17-05

A herança que não tivemos

 

1. Ouve-se na argumentação política, frequentemente, que os nossos filhos verão o seu futuro hipotecado, atendendo ao elevado montante de dívidas com que o presente os está a sobrecarregar. Seriam as auto-estradas, os hospitais, o parque escolar, as barragens, e, porventura, os futuros TGV ou aeroporto.

E o cidadão comum fica perplexo, por vários partidos terem ocupado a cadeira do poder, nas últimas décadas, e por não entender quer o pensamento que terá estado por detrás da obra feita quer a origem dos dinheiros nela investidos.

No momento de pensar o futuro, alguns responsáveis políticos e culturais, recorrem às cores sombrias do presente para constituírem a síntese (des)motivante e (ir)realista da sua argumentação pontual. Além de miopia e injustiça sociais, tal “visão”, obscurece o presente, desvaloriza o passado e prejudica o futuro, deles, nosso e dos nossos filhos.

 

 

2. Há tempos, Filomena Mónica observava que ia deixar aos seus filhos uma casa, o que não havia acontecido consigo. É um bom exemplo do princípio económico em que se baseia o usufruto de grande parte dos bens, individuais e colectivos, que hoje temos à nossa disposição. Adquire-se, usufrui-se, vai-se pagando, e um dia poderá ter-se a propriedade para legar aos descendentes.

Ao lado da habitação, em quantidade e qualidade, como património edificado individual, muitos outros bens do património edificado colectivo se poderiam mencionar: estradas e auto-estradas; saneamento, arruamentos, praças, parques e jardins públicos; edifícios camarários como paços do concelho, bibliotecas, teatros e até estádios; e bens estatais como hospitais ou infra-estruturas de indispensáveis ao desenvolvimento como barragens, universidades, laboratórios e institutos públicos.

Todavia, mais relevantes do que esses bens físicos, outros, de natureza intelectual ou moral, surgem no legado a deixar aos nossos filhos: a auto-estima, no seu relacionamento entre si e os estrangeiros; as liberdades, individual e política, construídas numa consciência moral isenta de pressões obscurantistas, vindas de caciques sociais, religiosos e políticos.

E que dizer da instrução, nos seus diversos níveis, e da saúde, da segurança e assistência sociais, do apoio à infância e à terceira idade, do desporto, do ambiente e da ocupação dos tempos livres? Alguém, por humor, diria termos retirado aos nossos filhos a oportunidade de investirem a sua criatividade na (re)construção do país, tal foi a acção nele investida, ultimamente.

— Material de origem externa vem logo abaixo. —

lemma loss_vec_drift:
  assumes "\<And>t. ch (Suc t) < K" and "\<forall>i<K. \<forall>j<K. \<bar>A i j\<bar> \<le> 1" and "m \<le> n" and "j < K"
  shows "\<bar>loss_vec A l1 ch n j - loss_vec A l1 ch m j\<bar> \<le> real (n - m)"
  using \<open>m \<le> n\<close>
proof (induction n rule: dec_induct)
  case (step n)
  have "\<bar>A (ch (Suc n)) j\<bar> \<le> 1"
    using assms by blast
  with step.IH show ?case
    using step.hyps by (simp add: Suc_diff_le)
qed simp

lemma cnt_le: "cnt ch n i \<le> n"
  by (induction n) auto

lemma cnt_ge_1: "1 \<le> n \<Longrightarrow> 1 \<le> cnt ch n i"
  by (cases n) auto

text \<open>cnt ch n i is the number of rounds since arm i was last played (n if it never was),
  so a finite estimate is the observation made in round n + 1 - cnt ch n i.\<close>

lemma lhat_cases:
  "lhat A l1 \<xi> ch n i = -\<infinity> \<or>
   lhat A l1 \<xi> ch n i = ereal (loss_vec A l1 ch (n - cnt ch n i) i + \<xi> (n - cnt ch n i + 1))"
  by (induction n) (auto simp: obs_def)

lemma abs_le_sup_norm: "i < K \<Longrightarrow> \<bar>v i\<bar> \<le> sup_norm K v"
  unfolding sup_norm_def by (rule Max_ge) auto

lemma sup_norm_nonneg: "0 < K \<Longrightarrow> 0 \<le> sup_norm K v"
  using abs_le_sup_norm[of 0 K v] by linarith

subsection \<open>A logarithmic potential\<close>

lemma diff_div_le_ln_diff:
  fixes a b :: real
  assumes "0 < a" and "a \<le> b"
  shows "(b - a) / b \<le> ln b - ln a"
proof -
  have "ln (a / b) \<le> a / b - 1"
    using assms by (intro ln_le_minus_one) simp
  moreover have "ln (a / b) = ln a - ln b"
    using assms by (simp add: ln_div)
  moreover have "a / b - 1 = - ((b - a) / b)"
    using assms by (simp add: field_simps)
  ultimately show ?thesis by linarith
qed

definition ln_pred :: "nat \<Rightarrow> real" where
  "ln_pred s = (if 2 \<le> s then ln (real s - 1) else -1)"

lemma ln_pred_ge: "-1 \<le> ln_pred s"
proof -
  have "2 \<le> s \<Longrightarrow> 0 \<le> ln (real s - 1)"
    by (intro ln_ge_zero) simp
  then show ?thesis
    unfolding ln_pred_def by fastforce
qed

lemma ln_pred_le:
  assumes "s \<le> T + 1" and "1 \<le> T"
  shows "ln_pred s \<le> ln (real T)"
proof -
  have "0 \<le> ln (real T)"
    using assms by simp
  moreover have "2 \<le> s \<Longrightarrow> ln (real s - 1) \<le> ln (real T)"
    using assms by (subst ln_le_cancel_iff) auto
  ultimately show ?thesis
    unfolding ln_pred_def by auto
qed

locale lcb_run =
  fixes K :: nat and A :: "nat \<Rightarrow> nat \<Rightarrow> real" and l1 :: "nat \<Rightarrow> real"
    and \<xi> :: "nat \<Rightarrow> real" and ch :: "nat \<Rightarrow> nat"
  assumes A_bdd: "\<forall>i<K. \<forall>j<K. \<bar>A i j\<bar> \<le> 1"
    and noise_bdd: "\<forall>t. \<bar>\<xi> t\<bar> \<le> 1"
    and run: "influential_lcb_run K A l1 \<xi> ch"
begin

lemma chosen_less: "ch (Suc n) < K"
  using run unfolding influential_lcb_run_def by auto

lemma K_pos: "0 < K"
  using chosen_less[of 0] by simp

lemma chosen_minimizes:
  "i < K \<Longrightarrow> lhat A l1 \<xi> ch n (ch (Suc n)) - ereal (real (cnt ch n (ch (Suc n))))
     \<le> lhat A l1 \<xi> ch n i - ereal (real (cnt ch n i))"
  using run unfolding influential_lcb_run_def by (metis diff_Suc_1 le_add1 plus_1_eq_Suc)

lemma estimate_bounds:
  assumes "lhat A l1 \<xi> ch n i \<noteq> -\<infinity>" and "i < K"
  obtains x where "lhat A l1 \<xi> ch n i = ereal x"
    and "loss_vec A l1 ch n i - real (cnt ch n i) - 1 \<le> x"
    and "x \<le> loss_vec A l1 ch n i + real (cnt ch n i) + 1"
proof -
  let ?c = "cnt ch n i"
  have est: "lhat A l1 \<xi> ch n i = ereal (loss_vec A l1 ch (n - ?c) i + \<xi> (n - ?c + 1))"
    using lhat_cases assms(1) by blast
  have "\<bar>loss_vec A l1 ch n i - loss_vec A l1 ch (n - ?c) i\<bar> \<le> real (n - (n - ?c))"
    using A_bdd assms(2) chosen_less by (intro loss_vec_drift) auto
  moreover have "n - (n - ?c) = ?c"
    using cnt_le[of ch n i] by simp
  moreover have "\<bar>\<xi> (n - ?c + 1)\<bar> \<le> 1"
    using noise_bdd by blast
  ultimately show ?thesis
    using that[OF est] by (simp add: abs_le_iff)
qed

definition unplayed :: "nat \<Rightarrow> nat set" where
  "unplayed n = {i. i < K \<and> lhat A l1 \<xi> ch n i = -\<infinity>}"

text \<open>An unplayed arm has index -\<infinity>, so as long as one exists the minimizing arm is unplayed too.\<close>

lemma card_unplayed_le: "card (unplayed n) \<le> K - n"
proof (induction n)
  case 0
  have "unplayed 0 \<subseteq> {..<K}"
    unfolding unplayed_def by blast
  then show ?case
    using card_mono[of "{..<K}"] by fastforce
next
  case (Suc n)
  let ?j = "ch (Suc n)"
  have step: "unplayed (Suc n) = unplayed n - {?j}"
    unfolding unplayed_def by auto
  show ?case
  proof (cases "unplayed n = {}")
    case True
    then show ?thesis using step by simp
  next
    case False
    then obtain i where i: "i < K" "lhat A l1 \<xi> ch n i = -\<infinity>"
      unfolding unplayed_def by blast
    have "lhat A l1 \<xi> ch n ?j - ereal (real (cnt ch n ?j)) \<le> -\<infinity>"
      using chosen_minimizes[OF i(1), of n] i(2) by simp
    then have "?j \<in> unplayed n"
      using chosen_less[of n] unfolding unplayed_def by (cases "lhat A l1 \<xi> ch n ?j") auto
    moreover have "finite (unplayed n)"
      unfolding unplayed_def by simp
    ultimately have "card (unplayed (Suc n)) = card (unplayed n) - 1"
      using step by simp
    with Suc.IH show ?thesis by linarith
  qed
qed

lemma all_played: "K \<le> n \<Longrightarrow> i < K \<Longrightarrow> lhat A l1 \<xi> ch n i \<noteq> -\<infinity>"
  using card_unplayed_le[of n] unfolding unplayed_def by (simp add: card_eq_0_iff)

lemma chosen_loss_le:
  assumes "K \<le> n" and "k < K"
  shows "loss_vec A l1 ch n (ch (Suc n)) \<le> loss_vec A l1 ch n k + 2 + 2 * real (cnt ch n (ch (Suc n)))"
proof -
  let ?j = "ch (Suc n)"
  obtain xj where xj: "lhat A l1 \<xi> ch n ?j = ereal xj"
    "loss_vec A l1 ch n ?j - real (cnt ch n ?j) - 1 \<le> xj"
    using estimate_bounds[OF all_played[OF assms(1) chosen_less] chosen_less] by metis
  obtain xk where xk: "lhat A l1 \<xi> ch n k = ereal xk"
    "xk \<le> loss_vec A l1 ch n k + real (cnt ch n k) + 1"
    using estimate_bounds[OF all_played[OF assms] assms(2)] by metis
  have "xj - real (cnt ch n ?j) \<le> xk - real (cnt ch n k)"
    using chosen_minimizes[OF assms(2), of n] xj(1) xk(1) by simp
  then show ?thesis
    using xj(2) xk(2) by simp
qed

lemma chosen_column_le:
  assumes "K \<le> n" and q0: "\<forall>k<K. 0 \<le> q k" and q1: "(\<Sum>k<K. q k) = 1"
  shows "(\<Sum>i<K. play_count ch n i * A i (ch (Suc n)))
    \<le> bilin K A (play_count ch n) q + 2 * sup_norm K l1 + 2 + 2 * real (cnt ch n (ch (Suc n)))"
proof -
  let ?j = "ch (Suc n)"
  define col where "col k = (\<Sum>i<K. play_count ch n i * A i k)" for k
  define E where "E = 2 * sup_norm K l1 + 2 + 2 * real (cnt ch n ?j)"
  have col_le: "col ?j \<le> col k + E" if "k < K" for k
  proof -
    have "l1 ?j + col ?j \<le> l1 k + col k + 2 + 2 * real (cnt ch n ?j)"
      using chosen_loss_le[OF assms(1) that]
      by (simp add: loss_vec_eq_play_count[where K = K and ch = ch, OF chosen_less] col_def)
    moreover have "\<bar>l1 ?j\<bar> \<le> sup_norm K l1" "\<bar>l1 k\<bar> \<le> sup_norm K l1"
      using abs_le_sup_norm chosen_less that by auto
    ultimately show ?thesis
      unfolding E_def by linarith
  qed
  have "col ?j = (\<Sum>k<K. q k * col ?j)"
    using q1 by (simp add: sum_distrib_right[symmetric])
  also have "\<dots> \<le> (\<Sum>k<K. q k * (col k + E))"
    using q0 col_le by (intro sum_mono mult_left_mono) auto
  also have "\<dots> = bilin K A (play_count ch n) q + E"
    using q1 by (simp add: bilin_eq_sum_column col_def distrib_left sum.distrib
        sum_distrib_right[symmetric])
  finally show ?thesis
    unfolding col_def E_def by simp
qed

text \<open>n + 1 - cnt ch n j is the last round up to n in which arm j was played (1 if none).\<close>

definition recency :: "nat \<Rightarrow> real" where
  "recency n = (\<Sum>j<K. ln_pred (n + 1 - cnt ch n j))"

lemma recency_ge: "- real K \<le> recency n"
  using sum_mono[of "{..<K}" "\<lambda>_. -1" "\<lambda>j. ln_pred (n + 1 - cnt ch n j)"]
  unfolding recency_def by (simp add: ln_pred_ge)

lemma recency_le: "1 \<le> n \<Longrightarrow> recency n \<le> real K * ln (real n)"
  using sum_mono[of "{..<K}" "\<lambda>j. ln_pred (n + 1 - cnt ch n j)" "\<lambda>_. ln (real n)"]
  unfolding recency_def by (simp add: ln_pred_le)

Não. Não é disso que se trata. Pois há sempre que ir mais além. Creio, porém, que há hoje um (outro) país disponível para uma juventude, que nele invista a sua energia e aproveita o que de bom recebeu e antes não existia.

 

3. Mário Soares, esse velho patriarca da democracia e da luta pela sobrevivência política e económica, deu uma grande entrevista que vale a pena (re)ler (Público, 5/3/2010). Nela revela toda a sua força política para motivar e lutar. Este é um grande papel social, que a República centenária lhe reserva. Preferível, porventura, ao de Presidente ao qual se candidatou. Nesse texto, marca o ponto de partida para as novas gerações:

“Devemos ser realistas e olhar para o futuro, compreendendo que Portugal tem futuro. Devemos partir desse pressuposto que, para mim, é óbvio. […] fizemos bastantes progressos, nos últimos trinta e cinco anos, que não têm paralelo no século XX. Rompemos o bloqueio em que vivíamos, abriram-se horizontes novos para a juventude e para as nossas elites em todos os domínios. […] Somos um país mais culto, o nível de vida é maior em todos os aspectos. Passámos a ser um país do primeiro mundo e que recebe imigrantes.” (Mário Soares, Público, 5/3/2010)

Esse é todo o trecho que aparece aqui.